### Task description
Among the entries below, take the line with "division being done" and the line with "unfolding sigma1_def by (simp_all", and output them and every line between them exactly, with nothing else.

(Dataset items)
»»

(* Let $f\in C([0,1])$. Then for every $\varepsilon>0$ there exists a function $\phi$ generated by a $\sigma$-activated network with width $36$ and depth $5$ such that $|\phi(x)-f(x)|<\varepsilon$ for all $x\in[0,\tfrac{9}{10}]$.
   Context: Let $\sigma_1:\mathbb{R}\to\mathbb{R}$ be the continuous triangular-wave function of period $2$: $\sigma_1(x)=|x|$ for $x\in[-1,1]$, $\sigma_1(x+2)=\sigma_1(x)$. The activation is $\sigma(x)=\sigma_1(x)$ for $x\ge0$ and $\sigma(x)=x/(|x|+1)$ for $x<0$, applied entrywise. A function generated by a $\sigma$-activated network with one input, width $N$ and depth $L$ is a function of the form $\mathcal{L}_{\ell}\circ\sigma\circ\mathcal{L}_{\ell-1}\circ\cdots\circ\sigma\circ\mathcal{L}_0$ with $\ell\le L$ hidden layers, affine maps $\mathcal{L}_i$, $\mathcal{L}_0$ with domain $\mathbb{R}$, $\mathcal{L}_\ell$ with codomain $\mathbb{R}$, and at most $N$ neurons in each hidden layer. *)

theory Defs
  imports "HOL-Analysis.Analysis"
begin

text \<open>Triangular wave of period 2: equals |x| on [-1,1] and is 2-periodic.\<close>
definition sigma1 :: "real \<Rightarrow> real" where
  "sigma1 x = \<bar>x - 2 * of_int \<lfloor>(x + 1) / 2\<rfloor>\<bar>"

definition sigma :: "real \<Rightarrow> real" where
  "sigma x = (if x \<ge> 0 then sigma1 x else x / (\<bar>x\<bar> + 1))"

definition affine_map :: "(nat \<Rightarrow> nat \<Rightarrow> real) \<Rightarrow> (nat \<Rightarrow> real) \<Rightarrow> nat \<Rightarrow> real list \<Rightarrow> real list" where
  "affine_map W b m v = map (\<lambda>i. (\<Sum>j<length v. W i j * v ! j) + b i) [0..<m]"

fun eval_hidden :: "((nat \<Rightarrow> nat \<Rightarrow> real) \<times> (nat \<Rightarrow> real) \<times> nat) list \<Rightarrow> real list \<Rightarrow> real list" where
  "eval_hidden [] v = v"
| "eval_hidden ((W, b, m) # ls) v = eval_hidden ls (map sigma (affine_map W b m v))"

definition generated_by_net :: "nat \<Rightarrow> nat \<Rightarrow> (real \<Rightarrow> real) \<Rightarrow> bool" where
  "generated_by_net N L phi \<longleftrightarrow>
     (\<exists>layers w c. length layers \<le> L \<and> (\<forall>(W, b, m) \<in> set layers. m \<le> N) \<and>
        (\<forall>x. phi x = (\<Sum>j<length (eval_hidden layers [x]). w j * eval_hidden layers [x] ! j) + c))"

end

theory Submission
  imports Defs "HOL-Number_Theory.Cong"
begin

(* After rescaling f to a function g with values in [0,1], cut [0,1] into cells of width 1/n and
   run three copies of the network on the grids y = n x + 1 + s/3, s = 0, 1, 2. The first layers
   recover the cell index j = floor y exactly whenever frac y <= 3/4, since three triangle waves
   cancel the fractional part there. The values of g at the left ends of all cells are stored, to
   precision 2/n, in a single natural number t per copy: with m = (n+2)! the Goedel moduli 1 + j m
   are pairwise coprime, so by the Chinese remainder theorem the residue t mod (1 + j m) can encode
   the value for cell j, and the periodic activation reads it off as sigma (2 t / (1 + j m)), the
   division being done by sigma (- m j) = - m j / (1 + m j). At every x at least two of the three
   copies have frac y <= 3/4, so their median, computed with |u| = sigma (u + 2), is within epsilon
   of g x. *)

lemma sigma1_add_even: "sigma1 (x + 2 * of_int k) = sigma1 x"
proof -
  have "\<lfloor>(x + 2 * of_int k + 1) / 2\<rfloor> = \<lfloor>(x + 1) / 2 + of_int k\<rfloor>"
    by (simp add: field_simps)
  then show ?thesis
    unfolding sigma1_def by (simp add: algebra_simps)
qed

lemma sigma1_eq_abs:
  assumes "\<bar>x\<bar> \<le> 1"
  shows "sigma1 x = \<bar>x\<bar>"
proof (cases "x = 1")
  case False
  then have "\<lfloor>(x + 1) / 2\<rfloor> = 0"
    using assms by (simp add: floor_eq_iff abs_le_iff)
  then show ?thesis by (simp add: sigma1_def)
qed (simp add: sigma1_def)

lemma sigma1_bounds: "0 \<le> sigma1 x" "sigma1 x \<le> 1"
proof -
  have "\<lfloor>(x + 1) / 2\<rfloor> \<le> (x + 1) / 2" "(x + 1) / 2 < \<lfloor>(x + 1) / 2\<rfloor> + 1"
    by linarith+
  then show "0 \<le> sigma1 x" "sigma1 x \<le> 1"
    unfolding sigma1_def by (simp_all add: field_simps abs_le_iff)
qed

lemma sigma_nonneg_eq: "0 \<le> x \<Longrightarrow> sigma x = sigma1 x"
  by (simp add: sigma_def)

lemma sigma_neg_eq: "x < 0 \<Longrightarrow> sigma x = x / (1 - x)"
  by (simp add: sigma_def)

lemma sigma_eq_self: "0 \<le> x \<Longrightarrow> x \<le> 1 \<Longrightarrow> sigma x = x"
  by (simp add: sigma_def sigma1_eq_abs)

««

### Answer
   division being done by sigma (- m j) = - m j / (1 + m j). At every x at least two of the three
   copies have frac y <= 3/4, so their median, computed with |u| = sigma (u + 2), is within epsilon
   of g x. *)

lemma sigma1_add_even: "sigma1 (x + 2 * of_int k) = sigma1 x"
proof -
  have "\<lfloor>(x + 2 * of_int k + 1) / 2\<rfloor> = \<lfloor>(x + 1) / 2 + of_int k\<rfloor>"
    by (simp add: field_simps)
  then show ?thesis
    unfolding sigma1_def by (simp add: algebra_simps)
qed

lemma sigma1_eq_abs:
  assumes "\<bar>x\<bar> \<le> 1"
  shows "sigma1 x = \<bar>x\<bar>"
proof (cases "x = 1")
  case False
  then have "\<lfloor>(x + 1) / 2\<rfloor> = 0"
    using assms by (simp add: floor_eq_iff abs_le_iff)
  then show ?thesis by (simp add: sigma1_def)
qed (simp add: sigma1_def)

lemma sigma1_bounds: "0 \<le> sigma1 x" "sigma1 x \<le> 1"
proof -
  have "\<lfloor>(x + 1) / 2\<rfloor> \<le> (x + 1) / 2" "(x + 1) / 2 < \<lfloor>(x + 1) / 2\<rfloor> + 1"
    by linarith+
  then show "0 \<le> sigma1 x" "sigma1 x \<le> 1"
    unfolding sigma1_def by (simp_all add: field_simps abs_le_iff)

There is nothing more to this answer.